Steve Morse

No. 47
- Position: Fullback

Personal information
- Born: May 28, 1963 (age 63) Mobile, Alabama, U.S.
- Listed height: 5 ft 11 in (1.80 m)
- Listed weight: 211 lb (96 kg)

Career information
- High school: John Shaw (Mobile)
- College: Virginia
- NFL draft: 1985: undrafted

Career history
- Pittsburgh Steelers (1985);
- Stats at Pro Football Reference

= Steve Morse (American football) =

American football player (born 1963)

Steven Bryan Morse (born May 28, 1963) is an American former professional football fullback who played for the Pittsburgh Steelers of the National Football League (NFL).
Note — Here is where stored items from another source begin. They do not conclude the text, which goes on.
(* Let $\theta$ be a discrete valuation on Johnstone's dcpo $\mathcal J$ (Scott topology) with total mass $\theta(\mathcal J)=1-r$, where $r>0$. Then $\theta+r\mu$ is not the supremum of a directed family of discrete valuations, where $\mu(U)=1$ for every non-empty Scott-open $U$ and $\mu(\emptyset)=0$.
   Context: Johnstone's dcpo: $\mathcal J=\mathbb N\times(\mathbb N\cup\{\infty\})$ ordered by $(a,b)\le(c,d)$ iff either ($a=c$ and $b\le d$) or ($d=\infty$ and $b\le c$). A valuation is a strict, monotone, modular map from the Scott-open sets to $[0,\infty]$; continuous valuations are ordered pointwise (stochastic order), and the supremum of a directed family is computed pointwise. A discrete valuation is one of the form $\sum_{i=1}^\infty r_i\delta_{x_i}$ ($r_i\in[0,\infty)$, $\delta_x$ the Dirac valuation at $x$). *)

theory Defs
  imports "HOL-Library.Extended_Nat" "HOL-Library.Extended_Nonnegative_Real"
begin

text \<open>Johnstone's dcpo J = N x (N u {infinity}).\<close>
type_synonym jpt = "nat \<times> enat"

definition jle :: "jpt \<Rightarrow> jpt \<Rightarrow> bool" where
  "jle p q \<longleftrightarrow> (fst p = fst q \<and> snd p \<le> snd q) \<or> (snd q = \<infinity> \<and> snd p \<le> enat (fst q))"

definition j_directed :: "jpt set \<Rightarrow> bool" where
  "j_directed D \<longleftrightarrow> D \<noteq> {} \<and> (\<forall>a\<in>D. \<forall>b\<in>D. \<exists>c\<in>D. jle a c \<and> jle b c)"

definition j_is_lub :: "jpt set \<Rightarrow> jpt \<Rightarrow> bool" where
  "j_is_lub D x \<longleftrightarrow> (\<forall>d\<in>D. jle d x) \<and> (\<forall>y. (\<forall>d\<in>D. jle d y) \<longrightarrow> jle x y)"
He played college football for the Virginia Cavaliers.

==Early life==
Steven Bryan Morse was born on May 28, 1963, in Mobile, Alabama. He attended John Shaw High School in Mobile.

==College career==
Morse enrolled at University of Virginia to play college football for the Cavaliers. He joined the team as a fifth-string walk-on defensive end. He was a four-year letterman from 1981 to 1984. Morse played in four games in 1981 as a linebacker. He appeared in 11 games as a defensive lineman in 1982, recording one interception for 16 yards. He converted to fullback in 1983. He finished his college career with 162 carries for 804 yards and four touchdowns, and nine receptions for 104 yards. Morse graduated with a degree in chemical engineering.

==Professional career==
After going undrafted in the 1985 NFL draft, Morse signed with the Pittsburgh Steelers on June 10, 1985. Morse said he already had a job lined up at Dow Chemical as a chemical engineer but wanted to try football first. He was released on September 2 but re-signed the next day. Morse played in all 16 games for the Steelers during the 1985 season as a reserve fullback, rushing eight times for 17 yards while also recovering a fumble. He was released on September 1, 1986, before the start of the 1986 regular season.

==Personal life==
After his NFL career, Morse worked at Dow Chemical. He later moved to Houston and started his own real estate business.